The Origins of TotalitarianismThe Origins of Totalitarianism by Hannah Arendt
My rating: 5 of 5 stars

By the title, I might have gotten the impression that this might have been a full history and treatise on all Totalitarian regimes, but I'm not at all unhappy to see how the author narrowed it down to the full wealth of circumstances that gave rise to Nazi Germany and, to a lesser degree, Stalin's Russia.

More than that, Hannah Arendt proves to be an erudite master at breaking down huge subjects and many causes into easily digestible chunks.

The focus begins on the actual origins of racial targeting and the somewhat interesting disconnect between real grievances and a targeted terror movement starting early with the Rothschild banking, 19th century propaganda, and political climates including the Dreyfus account. (Very interesting stuff here.)

It leads, naturally enough, into MORE of the same charges and racially-charged Us/Them mentalities and exactly how the machinations of a few could inculcate a whole nation.
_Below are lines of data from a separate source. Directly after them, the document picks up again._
lemma world_mass_collapse:
  assumes "finite (fst \<P>)"
  shows "world_mass (collapse \<P> S) G =
    (\<Sum>v\<in>wval ` fst \<P>. if G (representative (fst \<P>) S v) then dist_of \<P> v else 0)"
proof -
  let ?V = "wval ` fst \<P>" and ?rep = "representative (fst \<P>) S"
  have inj: "inj_on ?rep {v \<in> ?V. G (?rep v)}"
    by (rule inj_onI) (metis (no_types, lifting) mem_Collect_eq wval_representative)
  have "{J \<in> ?rep ` ?V. G J} = ?rep ` {v \<in> ?V. G (?rep v)}" by auto
  then have "world_mass (collapse \<P> S) G = (\<Sum>v\<in>{v \<in> ?V. G (?rep v)}. dist_of \<P> (wval (?rep v)))"
    by (simp add: world_mass_def collapse_def sum.reindex[OF inj])
  also have "\<dots> = (\<Sum>v\<in>{v \<in> ?V. G (?rep v)}. dist_of \<P> v)"
    by (rule sum.cong) (auto simp: wval_representative)
  finally show ?thesis
    using assms by (simp add: sum.inter_filter)
qed

lemma dist_of_collapse: "dist_of (collapse \<P> S) = dist_of \<P>"
proof
  fix v
  let ?V = "wval ` fst \<P>" and ?rep = "representative (fst \<P>) S"
  have "dist_of (collapse \<P> S) v = (\<Sum>J\<in>?rep ` {u \<in> ?V. u = v}. dist_of \<P> (wval J))"
    unfolding dist_of_def collapse_def
    by (rule sum.cong) (auto simp: wval_representative)
  also have "\<dots> = dist_of \<P> v"
  proof (cases "v \<in> ?V")
    case True
    then have "{u \<in> ?V. u = v} = {v}" by auto
    then show ?thesis by (simp add: wval_representative True)
  next
    case False
    then have "{u \<in> ?V. u = v} = {}" and "{I \<in> fst \<P>. wval I = v} = {}" by auto
    then show ?thesis by (simp only: dist_of_def image_empty sum.empty)
  qed
  finally show "dist_of (collapse \<P> S) v = dist_of \<P> v" .
qed

lemma pithy_collapse: "pithy (collapse \<P> S)"
  by (auto simp: pithy_def collapse_def wval_representative)

lemma is_alcp_collapse:
  fixes \<P> :: "('d, 'c, 'r, 'v::finite) alcp"
  assumes "is_alcp \<P>"
  shows "is_alcp (collapse \<P> S)"
proof -
  have fin: "finite (fst \<P>)" and ne: "fst \<P> \<noteq> {}" and wf: "\<forall>I\<in>fst \<P>. wf_world I"
    and total: "world_mass \<P> (\<lambda>_. True) = 1"
    using assms by (auto simp: is_alcp_def world_mass_def split: prod.splits)
  have fin': "finite (fst (collapse \<P> S))" by (simp add: collapse_def fin)
  have "world_mass (collapse \<P> S) (\<lambda>_. True) = world_mass \<P> (\<lambda>_. True)"
    using world_mass_wval_pred_cong[OF fin fin' dist_of_collapse, of "\<lambda>_. True"] by simp
  with total have "(\<Sum>I\<in>fst (collapse \<P> S). snd (collapse \<P> S) I) = 1"
    by (simp add: world_mass_def)
  moreover have "0 \<le> dist_of \<P> v" for v
    using world_mass_nonneg[OF assms] by (simp add: dist_of_world_mass)
  ultimately show ?thesis
    using fin ne wf representative_mem[of _ "fst \<P>" S]
    by (auto simp: is_alcp_def collapse_def)
qed

lemma alcp_model_collapse:
  assumes "alcp_model \<P> K"
  shows "alcp_model (collapse \<P> S) K"
proof -
  have "fst (collapse \<P> S) \<subseteq> fst \<P>"
    using representative_mem[of _ "fst \<P>" S] by (auto simp: collapse_def)
  then show ?thesis
    using assms is_alcp_collapse[of \<P> S] by (auto simp: alcp_model_def dist_of_collapse)
qed

lemma world_mass_collapse_avoiding_le:
  assumes "is_alcp \<P>"
  shows "world_mass (collapse \<P> (\<lambda>I. \<not> G I)) G \<le> world_mass \<P> G"
proof -
  let ?rep = "representative (fst \<P>) (\<lambda>I. \<not> G I)"
  have fin: "finite (fst \<P>)" using assms by (simp add: is_alcp_def split: prod.splits)
  have "(if G (?rep v) then dist_of \<P> v else 0) \<le> world_mass \<P> (\<lambda>I. G I \<and> wval I = v)"
    if v: "v \<in> wval ` fst \<P>" for v
  proof (cases "G (?rep v)")
    case True
    \<comment> \<open>the representative prefers a world violating \<open>G\<close>, so all worlds over \<open>v\<close> satisfy \<open>G\<close>\<close>
    then have "\<forall>I\<in>fst \<P>. wval I = v \<longrightarrow> G I"
      using representative_prefers[OF v, of "\<lambda>I. \<not> G I"] by blast
    then show ?thesis
      using True by (simp add: dist_of_world_mass world_mass_mono[OF assms])
  qed (simp add: world_mass_nonneg[OF assms])
  then show ?thesis
    by (simp add: world_mass_collapse[OF fin] world_mass_by_wval[OF fin, of G] sum_mono)
qed

lemma world_mass_collapse_preferring_ge:
  assumes "is_alcp \<P>"
  shows "world_mass \<P> G \<le> world_mass (collapse \<P> G) G"
proof -
  let ?rep = "representative (fst \<P>) G"
  have fin: "finite (fst \<P>)" using assms by (simp add: is_alcp_def split: prod.splits)
  have "world_mass \<P> (\<lambda>I. G I \<and> wval I = v) \<le> (if G (?rep v) then dist_of \<P> v else 0)"
    if v: "v \<in> wval ` fst \<P>" for v
  proof (cases "G (?rep v)")
    case False
    then have "\<forall>I\<in>fst \<P>. wval I = v \<longrightarrow> \<not> G I"
      using representative_prefers[OF v, of G] by blast
    then have "world_mass \<P> (\<lambda>I. G I \<and> wval I = v) = 0"
      unfolding world_mass_def by (intro sum.neutral) auto
    then show ?thesis using False by simp
  qed (simp add: dist_of_world_mass, rule world_mass_mono[OF assms], simp)
  then show ?thesis
    by (simp add: world_mass_collapse[OF fin] world_mass_by_wval[OF fin, of G] sum_mono)
qed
The trick is to slowly, surely, make everyone guilty of the same kind of injustice, formalize it and redirect all culpability toward the Leader and wash your hands of the reality, and then hold on for dear life as everyone else you know is forced into looking over their shoulders to see if they might be next on the chopping block.
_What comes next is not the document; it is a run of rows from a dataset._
(* Let $X=(X_0,X_1,X_2)$ be a random element of $(\mathcal{X}_0\times\mathcal{X}_1\times\mathcal{X}_2,\mathfrak{X}_0\times\mathfrak{X}_1\times\mathfrak{X}_2)$ (countable alphabets carrying their power sets), and let $\mathcal{Y}_1,\mathcal{Y}_2$ be finite sets. Define, for $(x_0,x_1,x_2)$, \[ T_X^1(x_0,x_1,x_2)=[\mathrm{d}P_{X_0X_1X_1}:\mathrm{d}(P_{X_0X_1}P_{X_1\mid X_0})](x_0,x_1,x_1), \] \[ T_X^2(x_0,x_1,x_2)=[\mathrm{d}P_{X_0X_2X_2}:\mathrm{d}(P_{X_0X_2}P_{X_2\mid X_0})](x_0,x_2,x_2), \] \[ T_X^3(x_0,x_1,x_2)=[\mathrm{d}P_{X_0X_1X_2X_1X_2}:\mathrm{d}(P_{X_0X_1X_2}P_{X_1X_2\mid X_0})](x_0,x_1,x_2,x_1,x_2), \] and for $r>0$ let $A_r=I_{r|\mathcal{Y}_1|}\times I_{r|\mathcal{Y}_2|}\times I_{r|\mathcal{Y}_1||\mathcal{Y}_2|}\subseteq\mathbb{H}^3$, where $I_t=\{h\in\mathbb{H}:[t:1]<h<[1:0]\}$. (1) For every $r>1$ and $\epsilon>0$ there exists a pair $\varphi=(\varphi_1,\varphi_2)$ of measurable maps $\varphi_i:\mathcal{X}_i\to\mathcal{Y}_i$ such that \[ d(X\mid\varphi)\le P\{(T_X^i(X))_{i=1}^3\notin A_r\}+\tfrac{\sqrt3}{2}r^{-1/2}+\epsilon. \] (2) Conversely, every pair $\varphi=(\varphi_1,\varphi_2)$ of measurable maps $\varphi_i:\mathcal{X}_i\to\mathcal{Y}_i$ satisfies, for all $0<r<1$, \[ d(X\mid\varphi)\ge P\{(T_X^i(X))_{i=1}^3\notin A_r\}-3r. \]
   Context: $d(X\mid\varphi)$ is the statistical distance $\sup_C|\mu(C)-\nu(C)|$ between the joint law $P_{X_0\varphi_1(X_1)\varphi_2(X_2)}$ and the product $P_{X_0}\times U_{\mathcal{Y}_1}\times U_{\mathcal{Y}_2}$, where $U_{\mathcal{Y}_i}$ is the uniform distribution on $\mathcal{Y}_i$. $P_{X_0X_1X_1}$ is the law of $(X_0,X_1,X_1)$ on $\mathcal{X}_0\times\mathcal{X}_1\times\mathcal{X}_1$, and $P_{X_0X_1}P_{X_1\mid X_0}$ is the measure on the same space given by $C\mapsto\int P_{X_1\mid X_0=x_0}(C_{(x_0,x_1)})\,P_{X_0X_1}(\mathrm{d}(x_0,x_1))$, with $P_{X_1\mid X_0}$ a (regular) conditional distribution of $X_1$ given $X_0$ (assumed to exist) and $C_{(x_0,x_1)}$ the section; the other two pairs of measures are defined analogously. The half projective line $\mathbb{H}$ is the set of rays $[r:s]=\{t(r,s):t>0\}$ for $(r,s)\in[0,\infty)^2\setminus\{(0,0)\}$, ordered by $[r_1:s_1]\le[r_2:s_2]$ iff $r_1s_2-r_2s_1\le0$ (equivalently $r_1/(r_1+s_1)\le r_2/(r_2+s_2)$), with the topology making $[r:s]\mapsto r/(r+s)$ a homeomorphism onto $[0,1]$. For finite measures $\alpha,\beta$, the likelihood ratio is $[\mathrm{d}\alpha:\mathrm{d}\beta]=[\mathrm{d}\alpha/\mathrm{d}(\alpha+\beta):\mathrm{d}\beta/\mathrm{d}(\alpha+\beta)]$, an $\mathbb{H}$-valued function defined $(\alpha+\beta)$-a.e. *)

theory Defs
  imports "HOL-Probability.Probability"
begin

text \<open>Half projective line H, represented through the homeomorphism
  [r:s] |-> r/(r+s) onto [0,1] (order preserving).\<close>
definition hray :: "real \<Rightarrow> real \<Rightarrow> real" where
  "hray r s = r / (r + s)"

text \<open>Likelihood ratio [d alpha : d beta] of two discrete (countable, power-set)
  finite measures, given as pmfs: the densities w.r.t. alpha+beta at a point z
  are the ratios of the point masses.\<close>
definition lratio :: "'a pmf \<Rightarrow> 'a pmf \<Rightarrow> 'a \<Rightarrow> real" where
  "lratio \<alpha> \<beta> z = hray (pmf \<alpha> z) (pmf \<beta> z)"

definition cond_law :: "('a \<times> 'u) pmf \<Rightarrow> 'a \<Rightarrow> 'u pmf" where
  "cond_law q x0 = map_pmf snd (cond_pmf q {z. fst z = x0})"

definition dup_law :: "('a \<times> 'u) pmf \<Rightarrow> ('a \<times> 'u \<times> 'u) pmf" where
  "dup_law q = map_pmf (\<lambda>(x0, u). (x0, u, u)) q"

definition cond_prod_law :: "('a \<times> 'u) pmf \<Rightarrow> ('a \<times> 'u \<times> 'u) pmf" where
  "cond_prod_law q = bind_pmf q (\<lambda>(x0, u). map_pmf (\<lambda>u'. (x0, u, u')) (cond_law q x0))"

definition Tstat :: "('a \<times> 'u) pmf \<Rightarrow> 'a \<Rightarrow> 'u \<Rightarrow> real" where
  "Tstat q x0 u = lratio (dup_law q) (cond_prod_law q) (x0, u, u)"

definition TX1 :: "('a \<times> 'b \<times> 'c) pmf \<Rightarrow> 'a \<times> 'b \<times> 'c \<Rightarrow> real" where
  "TX1 p x = Tstat (map_pmf (\<lambda>(x0, x1, x2). (x0, x1)) p) (fst x) (fst (snd x))"

definition TX2 :: "('a \<times> 'b \<times> 'c) pmf \<Rightarrow> 'a \<times> 'b \<times> 'c \<Rightarrow> real" where
  "TX2 p x = Tstat (map_pmf (\<lambda>(x0, x1, x2). (x0, x2)) p) (fst x) (snd (snd x))"

definition TX3 :: "('a \<times> 'b \<times> 'c) pmf \<Rightarrow> 'a \<times> 'b \<times> 'c \<Rightarrow> real" where
  "TX3 p x = Tstat p (fst x) (snd x)"

definition Iint :: "real \<Rightarrow> real set" where
  "Iint t = {h. hray t 1 < h \<and> h < hray 1 0}"

definition Aset :: "nat \<Rightarrow> nat \<Rightarrow> real \<Rightarrow> (real \<times> real \<times> real) set" where
  "Aset n1 n2 r = Iint (r * n1) \<times> Iint (r * n2) \<times> Iint (r * n1 * n2)"

definition stat_dist :: "'a pmf \<Rightarrow> 'a pmf \<Rightarrow> real" where
  "stat_dist \<mu> \<nu> = (SUP C. \<bar>measure_pmf.prob \<mu> C - measure_pmf.prob \<nu> C\<bar>)"

definition dXphi :: "('a \<times> 'b \<times> 'c) pmf \<Rightarrow> ('b \<Rightarrow> 'y1::finite) \<Rightarrow> ('c \<Rightarrow> 'y2::finite) \<Rightarrow> real" where
  "dXphi p \<phi>1 \<phi>2 = stat_dist
     (map_pmf (\<lambda>(x0, x1, x2). (x0, \<phi>1 x1, \<phi>2 x2)) p)
     (pair_pmf (map_pmf fst p) (pair_pmf (pmf_of_set UNIV) (pmf_of_set UNIV)))"

end

theory Submission
  imports Defs
begin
It's perfectly understandable. Totalitarianism is the utter eradication of self and self-destiny under the auspices of a single, irrepressible force. It runs on fear and distrust. Everyone under Hitler was in an untenable position and knew they could lose favor at any time.

Stalin worked the same way. The results were almost always similar as a whole. Many people died, and no one knew how to go on except by hanging on to the system that brought them there.

Ideology didn't really matter. Terror was the driving force, carried along by a fierce logical insistence that they were always right. Not even dissent mattered. The logical progression, taken to its extremes, was always used as the ultimate rationality.

This book showed us a wealth of information in every step. Starting out with imperialism and ending with totalitarianism, this book also gives us some other very important insights.

Believe it or not, they're insights that apply as equal now as they did then, and not as a pithy or ironic commentary on this or that politician we hate.

Mostly, it starts out as finding an Other to hate. It could just be any Us versus Them. Dehumanize them. Blame all your problems on them. And then make your supporters do something horrible. Turn your whole nation into people who are already guilty. Make sure they remain confused and uncertain. And then turn up the heat, making them all do worse things, progressively, until they see no way out but forward. Give them no other choice.

Easy blueprint.

Who is next? Women versus men? Another Race s**tstorm? Blue Vs Red? Rich versus the poor?

Quite sobering to see how we're pushing ourselves closer and closer to Totalitarianism all the time. All we need is one single Leader who can blackmail us all into doing his bidding, and here we go!